Last time I outlined the derivation of a Metropolis-Hastings algorithm for RJMCMC and this time I want to implement it in Stata for a very simple problem. I have taken the problem from the paper in The American Statistician by Barker and Link that I referenced at the end of my last posting.

We have two binomial samples y₁=8, n₁=20 and y₂=16, n₂=30, but we are not sure whether to model them as,
M1: binomials with different probabilities π₁ and π₂
M2: binomials with a common probability ξ.

We will need priors. In their paper, Barker and Link use identical vague priors that simply cancel out of the equations, so you cannot see exactly what is going on. I prefer to set different priors and I’ll arbitrarily choose, p(M1)=0.3 and p(M2)=0.7. Under M1 my priors on the parameters will be p(π₁|M1)=Beta(5,5) and p(π₂|M1)=Beta(10,10) and under M2, p(ξ|M2)=Beta(20,20).

Before setting up the RJMCMC program let us analyse the two models separately.
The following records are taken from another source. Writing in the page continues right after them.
(* Let $k$ be a finite field, $n\ge1$, and $F=T_0G_1+G_0\in k[T_0,\dots,T_n]$ nonzero homogeneous with $G_0,G_1\in k[T_1,\dots,T_n]$ homogeneous and $G_1\ne0$. Then there is a natural bijection \[ X_F(k)=\mathrm{Cone}_p(X_{G_1}\cap X_{G_0})(k)\ \sqcup\ \bigl(\mathbb{P}^{n-1}_k(k)-X_{G_1}(k)\bigr). \]
   Context: $X_F=\mathrm{Proj}\,k[T_0,\dots,T_n]/(F)$, $X_{G_1}=\mathrm{Proj}\,k[T_1,\dots,T_n]/(G_1)\subseteq\mathbb{P}^{n-1}_k=\mathrm{Proj}\,k[T_1,\dots,T_n]$, and $X_{G_1}\cap X_{G_0}=\mathrm{Proj}\,k[T_1,\dots,T_n]/(G_1,G_0)$. For $X=\mathrm{Proj}\,k[T_1,\dots,T_n]/I$, the projective cone with vertex $p=[1:0:\dots:0]$ is $\mathrm{Cone}_p(X)=\mathrm{Proj}\,k[T_0,T_1,\dots,T_n]/I\,k[T_0,\dots,T_n]$. $Y(k)$ denotes the set of $k$-rational points of $Y$. *)

theory Defs
  imports Main "HOL-Library.Poly_Mapping"
begin

text \<open>Multivariate polynomials in variables T_i (i :: nat) over a ring 'a:
  a finitely supported map from monomials (finitely supported exponent vectors) to coefficients.\<close>
type_synonym 'a mpoly = "(nat \<Rightarrow>\<^sub>0 nat) \<Rightarrow>\<^sub>0 'a"

definition mp_var :: "nat \<Rightarrow> 'a::comm_ring_1 mpoly" where
  "mp_var i = Poly_Mapping.single (Poly_Mapping.single i 1) 1"

definition mp_eval :: "'a::comm_ring_1 mpoly \<Rightarrow> (nat \<Rightarrow> 'a) \<Rightarrow> 'a" where
  "mp_eval P x = (\<Sum>m\<in>Poly_Mapping.keys P. Poly_Mapping.lookup P m * (\<Prod>i\<in>Poly_Mapping.keys m. x i ^ Poly_Mapping.lookup (m::nat \<Rightarrow>\<^sub>0 nat) i))"

definition mp_in_vars :: "nat set \<Rightarrow> 'a::zero mpoly \<Rightarrow> bool" where
  "mp_in_vars V P \<longleftrightarrow> (\<forall>m\<in>Poly_Mapping.keys P. Poly_Mapping.keys m \<subseteq> V)"

definition mp_homogeneous :: "'a::zero mpoly \<Rightarrow> bool" where
  "mp_homogeneous P \<longleftrightarrow> (\<exists>d. \<forall>m\<in>Poly_Mapping.keys P. (\<Sum>i\<in>Poly_Mapping.keys m. Poly_Mapping.lookup (m::nat \<Rightarrow>\<^sub>0 nat) i) = d)"

text \<open>A k-rational point of a projective space with homogeneous coordinates T_i, i \<in> V,
  is the class of a nonzero vector x (with x i = 0 for i \<notin> V) under scaling.\<close>
definition proj_class :: "(nat \<Rightarrow> 'a::field) \<Rightarrow> (nat \<Rightarrow> 'a) set" where
  "proj_class x = {y. \<exists>c. c \<noteq> 0 \<and> y = (\<lambda>i. c * x i)}"

definition proj_points :: "nat set \<Rightarrow> 'a::field mpoly set \<Rightarrow> (nat \<Rightarrow> 'a) set set" where
  "proj_points V S = {proj_class x | x. x \<noteq> (\<lambda>_. 0) \<and> (\<forall>i. i \<notin> V \<longrightarrow> x i = 0)
                        \<and> (\<forall>P\<in>S. mp_eval P x = 0)}"

definition X_F_points :: "nat \<Rightarrow> 'a::field mpoly \<Rightarrow> (nat \<Rightarrow> 'a) set set" where
  "X_F_points n F = proj_points {0..n} {F}"

definition sub_points :: "nat \<Rightarrow> 'a::field mpoly set \<Rightarrow> (nat \<Rightarrow> 'a) set set" where
  "sub_points n S = proj_points {1..n} S"

text \<open>Cone_p(X)(k) for X = Proj k[T_1..T_n]/(S), p = [1:0:...:0]:
  Proj k[T_0..T_n]/(S) k[T_0..T_n].\<close>
definition cone_points :: "nat \<Rightarrow> 'a::field mpoly set \<Rightarrow> (nat \<Rightarrow> 'a) set set" where
  "cone_points n S = proj_points {0..n} S"

definition natural_map :: "'a::field mpoly \<Rightarrow> 'a mpoly \<Rightarrow>
    ((nat \<Rightarrow> 'a) set + (nat \<Rightarrow> 'a) set) \<Rightarrow> (nat \<Rightarrow> 'a) set" where
  "natural_map G0 G1 z = (case z of
      Inl c \<Rightarrow> c
    | Inr y \<Rightarrow> (let x = (SOME x. x \<in> y) in
                 proj_class (x(0 := - mp_eval G0 x / mp_eval G1 x))))"

end

theory Submission
  imports Defs
begin

text \<open>Since G0 and G1 do not involve T0, F(x) = x0 G1(x) + G0(x). Where G1 vanishes, F vanishes
  iff G0 does, which gives the cone over the intersection of X_G1 and X_G0. Where G1(x) does not
  vanish, F(x) = 0 is a linear equation in x0 with the unique solution -G0(x)/G1(x), so projection
  from p identifies the rest of X_F with the complement of X_G1 in P^(n-1); homogeneity of F and
  G1 makes this compatible with rescaling.\<close>

definition mp_monom_eval :: "(nat \<Rightarrow>\<^sub>0 nat) \<Rightarrow> (nat \<Rightarrow> 'a::comm_ring_1) \<Rightarrow> 'a" where
  "mp_monom_eval m x = (\<Prod>i\<in>Poly_Mapping.keys m. x i ^ Poly_Mapping.lookup m i)"

lemma mp_monom_eval_superset:
  assumes "finite S" "Poly_Mapping.keys m \<subseteq> S"
  shows "mp_monom_eval m x = (\<Prod>i\<in>S. x i ^ Poly_Mapping.lookup m i)"
  unfolding mp_monom_eval_def using assms
  by (intro prod.mono_neutral_left) (auto simp: in_keys_iff)

lemma mp_monom_eval_add: "mp_monom_eval (a + b) x = mp_monom_eval a x * mp_monom_eval b x"
proof -
  let ?S = "Poly_Mapping.keys a \<union> Poly_Mapping.keys b"
  have "mp_monom_eval (a + b) x = (\<Prod>i\<in>?S. x i ^ Poly_Mapping.lookup (a + b) i)"
    by (rule mp_monom_eval_superset) (auto dest: keys_add[THEN subsetD])
  also have "\<dots> = (\<Prod>i\<in>?S. x i ^ Poly_Mapping.lookup a i) * (\<Prod>i\<in>?S. x i ^ Poly_Mapping.lookup b i)"
    by (simp add: lookup_add power_add prod.distrib)
  also have "\<dots> = mp_monom_eval a x * mp_monom_eval b x"
    using mp_monom_eval_superset[of ?S a x] mp_monom_eval_superset[of ?S b x] by simp
  finally show ?thesis .
qed

lemma mp_monom_eval_var: "mp_monom_eval (Poly_Mapping.single i 1) x = x i"
  by (simp add: mp_monom_eval_def)

lemma mp_monom_eval_scale:
  "mp_monom_eval m (\<lambda>i. c * x i) = c ^ (\<Sum>i\<in>Poly_Mapping.keys m. Poly_Mapping.lookup m i) * mp_monom_eval m x"
  by (simp add: mp_monom_eval_def power_mult_distrib prod.distrib power_sum)

lemma mp_eval_eq_sum: "mp_eval P x = (\<Sum>m\<in>Poly_Mapping.keys P. Poly_Mapping.lookup P m * mp_monom_eval m x)"
  by (simp add: mp_eval_def mp_monom_eval_def)

lemma mp_eval_superset:
  assumes "finite S" "Poly_Mapping.keys P \<subseteq> S"
  shows "mp_eval P x = (\<Sum>m\<in>S. Poly_Mapping.lookup P m * mp_monom_eval m x)"
  unfolding mp_eval_eq_sum using assms
  by (intro sum.mono_neutral_left) (auto simp: in_keys_iff)

lemma mp_eval_add: "mp_eval (P + Q) x = mp_eval P x + mp_eval Q x"
proof -
  let ?S = "Poly_Mapping.keys P \<union> Poly_Mapping.keys Q"
  have "mp_eval (P + Q) x = (\<Sum>m\<in>?S. Poly_Mapping.lookup (P + Q) m * mp_monom_eval m x)"
    by (rule mp_eval_superset) (auto dest: keys_add[THEN subsetD])
  also have "\<dots> = (\<Sum>m\<in>?S. Poly_Mapping.lookup P m * mp_monom_eval m x)
                 + (\<Sum>m\<in>?S. Poly_Mapping.lookup Q m * mp_monom_eval m x)"
    by (simp add: lookup_add distrib_right sum.distrib)
  also have "\<dots> = mp_eval P x + mp_eval Q x"
    using mp_eval_superset[of ?S P x] mp_eval_superset[of ?S Q x] by simp
  finally show ?thesis .
qed

lemma mp_eval_single: "mp_eval (Poly_Mapping.single m c) x = c * mp_monom_eval m x"
  by (simp add: mp_eval_eq_sum)

lemma mp_eval_var_mult: "mp_eval (mp_var i * P) x = x i * mp_eval P x"
proof (induction P rule: update_induct)
  case const
  then show ?case by (simp add: mp_eval_def)
next
  case (update P m c)
  have "Poly_Mapping.update m c P = Poly_Mapping.single m c + P"
    using update.hyps
    by (intro poly_mapping_eqI) (auto simp: lookup_update lookup_add lookup_single when_def in_keys_iff)
  with update.IH show ?case
    by (simp add: distrib_left mp_eval_add mp_var_def mult_single mp_eval_single
        mp_monom_eval_add mp_monom_eval_var[simplified] algebra_simps)
qed

lemma mp_eval_scale_homogeneous:
  assumes "mp_homogeneous P"
  obtains d where "\<And>c x. mp_eval P (\<lambda>i. c * x i) = c ^ d * mp_eval P x"
proof -
  from assms obtain d
    where d: "\<And>m. m \<in> Poly_Mapping.keys P \<Longrightarrow> (\<Sum>i\<in>Poly_Mapping.keys m. Poly_Mapping.lookup m i) = d"
    unfolding mp_homogeneous_def by blast
  have "mp_eval P (\<lambda>i. c * x i) = c ^ d * mp_eval P x" for c x
    unfolding mp_eval_eq_sum
    by (simp add: mp_monom_eval_scale d sum_distrib_left algebra_simps cong: sum.cong)
  then show ?thesis using that by blast
qed

lemma mp_eval_scale_eq_0:
  assumes "mp_homogeneous P" "mp_eval P x = 0"
  shows "mp_eval P (\<lambda>i. c * x i) = 0"
  using assms by (metis mp_eval_scale_homogeneous mult_zero_right)

lemma mp_eval_zero_if_homogeneous_root:
  assumes "mp_homogeneous P" "mp_eval P x = 0"
  shows "mp_eval P (\<lambda>_. 0) = 0"
  using mp_eval_scale_eq_0[OF assms, of 0] by simp

lemma mp_eval_cong_vars:
  assumes "mp_in_vars V P" "\<And>i. i \<in> V \<Longrightarrow> x i = y i"
  shows "mp_eval P x = mp_eval P y"
  unfolding mp_eval_def
  by (intro sum.cong arg_cong[where f="(*) _"] prod.cong refl)
     (use assms in \<open>fastforce simp: mp_in_vars_def\<close>)

lemma proj_class_self: "x \<in> proj_class x"
  unfolding proj_class_def by (auto intro: exI[of _ 1])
Here is a standard MH program for analysing model M1. It uses the truncated MH sampler, mhstrnc, to ensure that all proposals for π₁ and π₂ are between 0 and 1. I have lazily used the function, logdensity; this is not very efficient, but the program is so simple that speed is not as issue.

program logpost
args lnf b

local pi1 = `b'[1,1]
local pi2 = `b'[1,2]
scalar `lnf’ = 0
logdensity binomial `lnf’ 8 20 `pi1′
logdensity binomial `lnf’ 16 30 `pi2′
logdensity beta `lnf’ `pi1′ 5 5
logdensity beta `lnf’ `pi2′ 10 10
end

matrix b = (0.5, 0.5)
mcmcrun logpost b using temp.csv , replace ///
param(pi1 pi2) burn(500) update(5000) ///
samplers( 2(mhstrnc , sd(0.5) lb(0) ub(1) ) )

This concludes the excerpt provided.